Recently, tebentafusp earned a breakthrough designation.
Hot on the heels of its $297 million IPO earlier this month, British T cell receptor company Immunocore announced a U.S. Food and Drug Administration (FDA) Breakthrough Therapy Designation for its lead asset tebentafusp, currently in Phase III testing for a rare ocular melanoma. The company is planning regulatory filings in the U.S. later this year and in Europe thereafter.
Last year, Immunocore announced positive interim data for its Phase III trial in metastatic uveal melanoma (mUM) for tebentafusp, which is a soluble gp100-targeting T-cell receptor fused to an anti-CD3 single-chain variable fragment. The bispecific improved overall survival compared with the investigator’s choice of therapy, in most cases Merck & Co’s Keytruda. Keytruda is approved for cutaneous forms of metastatic melanoma and is regularly used to treat mUM, but no drug has been approved specifically for the rare subtype, and it has only shown efficacy for a limited number of responders in small clinical trials.

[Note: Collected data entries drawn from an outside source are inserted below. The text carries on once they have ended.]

(* Let $\mathcal{P}$ be a partition of $\{1,\dots,n\}$. A subspace $\mathcal{U}$ of $\mathbb{R}^n$ is not $\mathcal{P}$-realizable if and only if there is a symmetric $\mathcal{P}$-block-diagonal matrix $B$ with $\operatorname{tr}(B)>0$ and $v^TBv\le 0$ for all $v\in\mathcal{U}^\perp$.
   Context: A matrix is $\mathcal{P}$-block-diagonal if it is zero outside the principal submatrices indexed by blocks $\mathcal{I}\in\mathcal{P}$. $\mathcal{E}_{\mathcal{P}}=\{Y\succeq 0: Y_{\mathcal{I}}=I\text{ for all }\mathcal{I}\in\mathcal{P}\}$, with $Y_{\mathcal{I}}$ the principal submatrix indexed by $\mathcal{I}$. $\mathcal{U}$ is $\mathcal{P}$-realizable if some $Y\in\mathcal{E}_{\mathcal{P}}$ has nullspace containing $\mathcal{U}$. *)

theory Defs
  imports "HOL-Analysis.Analysis" "HOL-Library.Disjoint_Sets"
begin

definition psd :: "real^'n^'n \<Rightarrow> bool" where
  "psd Y \<longleftrightarrow> transpose Y = Y \<and> (\<forall>x. 0 \<le> x \<bullet> (Y *v x))"

definition block_diag :: "'n set set \<Rightarrow> real^'n^'n \<Rightarrow> bool" where
  "block_diag P B \<longleftrightarrow> (\<forall>i j. B $ i $ j \<noteq> 0 \<longrightarrow> (\<exists>I\<in>P. i \<in> I \<and> j \<in> I))"

definition E_P :: "'n set set \<Rightarrow> (real^'n^'n) set" where
  "E_P P = {Y. psd Y \<and> (\<forall>I\<in>P. \<forall>i\<in>I. \<forall>j\<in>I. Y $ i $ j = mat 1 $ i $ j)}"

definition realizable :: "'n set set \<Rightarrow> (real^'n) set \<Rightarrow> bool" where
  "realizable P U \<longleftrightarrow> (\<exists>Y\<in>E_P P. \<forall>u\<in>U. Y *v u = 0)"

end

theory Submission
  imports Defs
begin

text \<open>Both directions are conic duality for the Frobenius inner product.
  If \<open>Y \<in> E_P P\<close> annihilates \<open>U\<close>, then \<open>Y\<close> is positive semidefinite with range in
  \<open>U\<^sup>\<bottom>\<close>; repeatedly subtracting \<open>c c\<^sup>T / Y\<^sub>k\<^sub>k\<close>, where \<open>c\<close> is the \<open>k\<close>-th column of \<open>Y\<close>,
  writes \<open>Y\<close> as a sum of outer products \<open>c c\<^sup>T\<close> with \<open>c \<in> U\<^sup>\<bottom>\<close>, so \<open>\<langle>B, Y\<rangle> \<le> 0\<close>;
  but \<open>\<langle>B, Y\<rangle> = tr B\<close> for block-diagonal \<open>B\<close>.
  Conversely, if \<open>U\<close> is not realizable, then \<open>I/n\<close> lies outside the compact convex hull
  of the block-diagonal parts of \<open>v v\<^sup>T\<close>, \<open>v\<close> a unit vector of \<open>U\<^sup>\<bottom>\<close>: otherwise \<open>n\<close> times
  the corresponding convex combination of the \<open>v v\<^sup>T\<close> would realize \<open>U\<close>. A strictly
  separating hyperplane, restricted to the blocks, symmetrised and shifted by a multiple
  of \<open>I\<close>, is the certificate \<open>B\<close>.\<close>

lemma inner_matrix:
  "(X::real^'n::finite^'m::finite) \<bullet> Y = (\<Sum>i\<in>UNIV. \<Sum>j\<in>UNIV. X$i$j * Y$i$j)"
  by (simp add: inner_vec_def)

The new FDA designation means tebentafusp will remain in FDA’s Fast Track program and represents a commitment to rolling and priority drug reviews for HLA-A*02:01-positive adults with unresectable uveal melanoma or mUM. Immunocore intends to file a Biologics License Application in Q3, upon completion of its Phase III study, followed by a Marketing Authorization Application submission to the European Medicines Agency. The drug also has the Promising Innovative Medicine designation under the UK Early Access to Medicines Scheme.

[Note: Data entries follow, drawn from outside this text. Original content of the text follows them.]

lemma v'_sign_near_critical:
  assumes c: "c \<in> {0..<R}" "v' c = 0" "0 < v c"
  shows "\<forall>\<^sub>F t in at_right c. 0 < v' t"
    and "0 < c \<Longrightarrow> \<forall>\<^sub>F t in at_left c. v' t < 0"
proof -
  have "0 < rhs c"
    using c g0 f_pos by (simp add: rhs_def)
  then have "\<forall>\<^sub>F t in at c within {0..R}. 0 < rhs t"
    using rhs_continuous[of c] c by (intro order_tendstoD(1)) (auto simp: continuous_within)
  then obtain d where d: "0 < d" "\<And>t. t \<in> {0..R} \<Longrightarrow> t \<noteq> c \<Longrightarrow> dist t c < d \<Longrightarrow> 0 < rhs t"
    unfolding eventually_at by auto
  define e where "e = min d (R - c)"
  have e: "0 < e" "c + e \<le> R"
    using d c by (auto simp: e_def)
  have rhs_pos: "0 < rhs t" if "t \<in> {c - e<..<c + e}" "t \<noteq> c" "0 \<le> t" for t
    using d(2)[of t] that by (auto simp: e_def dist_real_def)
  have "0 < v' t" if "t \<in> {c<..<c + e}" for t
  proof -
    have "pflux p n v' c < pflux p n v' t"
      using that c e by (intro pflux_less_if_rhs_pos rhs_pos) auto
    then show ?thesis
      using pflux_pos_iff[of t] pflux_eq_0[of v' c] that c by auto
  qed
  then show "\<forall>\<^sub>F t in at_right c. 0 < v' t"
    using eventually_at_right_real[of c "c + e"] e by (auto elim: eventually_mono)
  show "\<forall>\<^sub>F t in at_left c. v' t < 0" if "0 < c"
  proof -
    have "v' t < 0" if "t \<in> {max 0 (c - e)<..<c}" for t
    proof -
      have "pflux p n v' t < pflux p n v' c"
        using that c e by (intro pflux_less_if_rhs_pos rhs_pos) auto
      then show ?thesis
        using pflux_neg_iff[of t] pflux_eq_0[of v' c] that c by auto
    qed
    then show ?thesis
      using eventually_at_left_real[of "max 0 (c - e)" c] e \<open>0 < c\<close> by (auto elim: eventually_mono)
  qed
qed

lemma v'_pos:
  assumes t: "t \<in> {0<..<R}"
  shows "0 < v' t"
proof (rule ccontr)
  assume "\<not> 0 < v' t"
  obtain b where b: "0 < b" "\<And>x. x \<in> {0<..<b} \<Longrightarrow> 0 < v' x"
    using v'_sign_near_critical(1)[of 0] R v'0 v0 unfolding eventually_at_right_field by auto
  define a where "a = min b t / 2"
  have a: "a \<in> {0<..<t}" "0 < v' a"
    using b t by (auto simp: a_def)
  have "continuous_on {a..t} v'"
    using a t by (auto intro: continuous_on_subset[OF v'_cont])
  then obtain c where c: "c \<in> {a<..t}" "v' c = 0" "\<And>x. x \<in> {a..<c} \<Longrightarrow> 0 < v' x"
    using first_zero_real[of a t v'] a t \<open>\<not> 0 < v' t\<close> by auto
  have "0 < v' x" if "x \<in> {0<..<c}" for x
    using b(2)[of x] c(3)[of x] that by (cases "x < a") (auto simp: a_def)
  then have "v0 < v c"
    using v_less_if_v'_pos[of 0 c] c a t v0 by auto
  then have "\<forall>\<^sub>F x in at_left c. v' x < 0"
    using v'_sign_near_critical(2)[of c] c a t v0 by auto
  moreover have "\<forall>\<^sub>F x in at_left c. 0 < v' x"
    using eventually_at_left_real[of a c] c(1) by (auto elim!: eventually_mono intro: c(3))
  ultimately have "\<forall>\<^sub>F x in at_left c. False"
    by eventually_elim auto
  then show False
    by (simp add: trivial_limit_at_left_real)
qed

lemma v_gt_v0: "t \<in> {0<..<R} \<Longrightarrow> v0 < v t"
  using v_less_if_v'_pos[of 0 t] v'_pos v0 by auto

text \<open>On \<open>(0, R)\<close> the flux equals \<open>r^(n-1) W\<close>, so dividing the equation by \<open>r^(n-1)\<close>
  gives \<open>W'\<close>.\<close>

definition W :: "real \<Rightarrow> real" where
  "W t = v' t powr (p - 1)"

definition W' :: "real \<Rightarrow> real" where
  "W' t = rhs t - real (n - 1) * W t / t"

definition v'' :: "real \<Rightarrow> real" where
  "v'' t = 1 / (p - 1) * W t powr (1 / (p - 1) - 1) * W' t"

“There is an urgent need for an approved treatment for this rare and aggressive form of melanoma,” said Bahija Jallal, Immunocore’s CEO. “We look forward to continuing to work with regulators to bring tebentafusp to patients as quickly as possible.” The company estimates no drug has been approved for mUM in 40 years.

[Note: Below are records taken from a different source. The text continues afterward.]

lemma finite_subset_lind_has_meet:
  assumes "finite S" and "S \<subseteq> lind T" and "T \<subseteq> T'"
  obtains \<phi> where "is_meet (lind T) (lind_le T) S (cls T \<phi>)"
    and "\<And>\<theta>. (\<forall>a\<in>S. (cls T \<theta>, a) \<in> derives_rel T T') \<Longrightarrow> derives T' \<theta> \<phi>"
proof -
  obtain \<phi> where \<phi>: "\<And>T' \<theta>. T \<subseteq> T' \<Longrightarrow>
      derives T' \<theta> \<phi> \<longleftrightarrow> (\<forall>a\<in>S. (cls T \<theta>, a) \<in> derives_rel T T')"
    using finite_subset_lind_has_conj[OF assms(1,2)] by blast
  have "is_meet (lind T) (lind_le T) S (cls T \<phi>)"
    unfolding is_meet_def
  proof (intro HOL.conjI ballI impI)
    show "cls T \<phi> \<in> lind T" by (simp add: lind_def)
    show "(cls T \<phi>, a) \<in> lind_le T" if "a \<in> S" for a
      using \<phi>[of T \<phi>] that by (simp add: derives.refl lind_le_eq_derives_rel)
    show "(u, cls T \<phi>) \<in> lind_le T"
      if u: "u \<in> lind T" and lower: "\<forall>a\<in>S. (u, a) \<in> lind_le T" for u
    proof -
      obtain \<theta> where "u = cls T \<theta>" using u by (auto simp: lind_def)
      then show ?thesis
        using \<phi>[of T \<theta>] lower by (simp add: lind_le_eq_derives_rel derives_rel_cls_iff)
    qed
  qed
  then show thesis using that \<phi>[OF assms(3)] by blast
qed

lemma derives_rel_join_closed:
  assumes "T \<subseteq> T'" and "S \<subseteq> lind T" and "b \<in> lind T"
    and "is_join (lind T) (lind_le T) S j" and "\<forall>a\<in>S. (a, b) \<in> derives_rel T T'"
  shows "(j, b) \<in> derives_rel T T'"
proof -
  define \<Phi> where "\<Phi> = \<Union>S"
  have S: "S = cls T ` \<Phi>" unfolding \<Phi>_def by (rule subset_lind_eq_image_cls[OF assms(2)])
  obtain \<beta> where b: "b = cls T \<beta>" using assms(3) by (auto simp: lind_def)
  have "(j, cls T (gdisj \<Phi>)) \<in> lind_le T"
    using assms(4) is_join_cls_gdisj[of T \<Phi>] unfolding is_join_def S by (simp add: lind_def)
  then have "(j, cls T (gdisj \<Phi>)) \<in> derives_rel T T'"
    using lind_le_subset_derives_rel[OF assms(1)] by blast
  moreover have "derives T' (gdisj \<Phi>) \<beta>"
    using assms(5) unfolding S b by (auto simp: derives_rel_cls_iff[OF assms(1)] intro: derives.disjE)
  then have "(cls T (gdisj \<Phi>), b) \<in> derives_rel T T'"
    unfolding b by (simp add: derives_rel_cls_iff[OF assms(1)])
  ultimately show ?thesis by (rule derives_rel_trans[OF assms(1)])
qed

lemma derives_rel_meet_closed:
  assumes "T \<subseteq> T'" and "S \<subseteq> lind T" and "finite S" and "b \<in> lind T"
    and "is_meet (lind T) (lind_le T) S m" and "\<forall>a\<in>S. (b, a) \<in> derives_rel T T'"
  shows "(b, m) \<in> derives_rel T T'"
proof -
  obtain \<phi> where meet: "is_meet (lind T) (lind_le T) S (cls T \<phi>)"
    and greatest: "\<And>\<theta>. (\<forall>a\<in>S. (cls T \<theta>, a) \<in> derives_rel T T') \<Longrightarrow> derives T' \<theta> \<phi>"
    using finite_subset_lind_has_meet[OF assms(3,2,1)] by blast
  obtain \<beta> where b: "b = cls T \<beta>" using assms(4) by (auto simp: lind_def)
  have "(b, cls T \<phi>) \<in> derives_rel T T'"
    using greatest assms(6) unfolding b by (simp add: derives_rel_cls_iff[OF assms(1)])
  moreover have "(cls T \<phi>, m) \<in> lind_le T"
    using meet assms(5) unfolding is_meet_def by blast
  then have "(cls T \<phi>, m) \<in> derives_rel T T'"
    using lind_le_subset_derives_rel[OF assms(1)] by blast
  ultimately show ?thesis by (rule derives_rel_trans[OF assms(1)])
qed

lemma cong_preorder_derives_rel:
  assumes "T \<subseteq> T'"
  shows "cong_preorder (lind T) (lind_le T) (derives_rel T T')"
  unfolding cong_preorder_def
proof (intro HOL.conjI allI impI)
  show "derives_rel T T' \<subseteq> lind T \<times> lind T" "\<forall>a\<in>lind T. (a, a) \<in> derives_rel T T'"
    "trans (derives_rel T T')"
    using preorder_on_derives_rel[OF assms] by (simp_all add: preorder_on_def refl_on_def)
  show "lind_le T \<subseteq> derives_rel T T'"
    by (rule lind_le_subset_derives_rel[OF assms])
qed (elim conjE, rule derives_rel_join_closed[OF assms] derives_rel_meet_closed[OF assms],
     assumption+)+

lemma derives_imp_cls_in_cong_preorder:
  assumes cong: "cong_preorder (lind T) (lind_le T) P"
    and axioms: "{(cls T \<phi>, cls T \<psi>) | \<phi> \<psi>. (\<phi>, \<psi>) \<in> T'} \<subseteq> P"
    and "derives T' \<phi> \<psi>"
  shows "(cls T \<phi>, cls T \<psi>) \<in> P"
  using assms(3)
proof (induction rule: derives.induct)
  case (ax \<phi> \<psi>)
  then show ?case using axioms by blast
next
  case (refl \<phi>)
  show ?case by (rule cong_preorder_refl[OF cong]) (simp add: lind_def)
next
  case (cut \<phi> \<psi> \<chi>)
  then show ?case by (blast intro: cong_preorder_trans[OF cong])
next
  case (conjE1 \<phi> \<psi>)
  show ?case by (rule cong_preorder_le[OF cong]) (simp add: lind_le_cls_iff derives.conjE1)
next
  case (conjE2 \<phi> \<psi>)
  show ?case by (rule cong_preorder_le[OF cong]) (simp add: lind_le_cls_iff derives.conjE2)
next
  case (conjI \<theta> \<phi> \<psi>)
  show ?case
  proof (rule cong_preorder_meet[OF cong _ _ _ is_meet_cls_gconj])
    show "{cls T \<phi>, cls T \<psi>} \<subseteq> lind T" "cls T \<theta> \<in> lind T" by (simp_all add: lind_def)
  qed (use conjI.IH in auto)
next
  case (trueI \<phi>)
  show ?case by (rule cong_preorder_le[OF cong]) (simp add: lind_le_cls_iff derives.trueI)
next
  case (disjE \<Phi> \<psi>)
  show ?case
  proof (rule cong_preorder_join[OF cong _ _ is_join_cls_gdisj])
    show "cls T ` \<Phi> \<subseteq> lind T" "cls T \<psi> \<in> lind T" by (auto simp: lind_def)
  qed (use disjE.IH in auto)
next
  case (disjI \<phi> \<Phi>)
  show ?case by (rule cong_preorder_le[OF cong]) (simp add: lind_le_cls_iff derives.disjI[OF disjI])
qed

Although rare–diagnosed in about 2,500 patients in the U.S. each year–uveal melanoma is malignant in about half of all patients, making it the most common ocular malignancy in adults. At least four other companies have therapies in clinical development for mUM. Tebentafusp’s leading competitor is AU-011, a virus-like drug conjugate by Aura Biosciences that begun dosing patients in a Phase II trial last year. Replimmune has RP2-001 in Phase I/II testing as a monotherapy in immune insensitive tumor types, including uveal melanoma patients. And two companies–Provectus Biopharmaceuticals and Ideaya Biosciences–have therapies in Phase I testing in combination with checkpoint inhibitors.
Immunocore also has three other T-cell receptor bispecifics in clinical testing for a range of tumors, and similar virus-targeting platform, with a candidate in Phase I testing in Hepatitis B.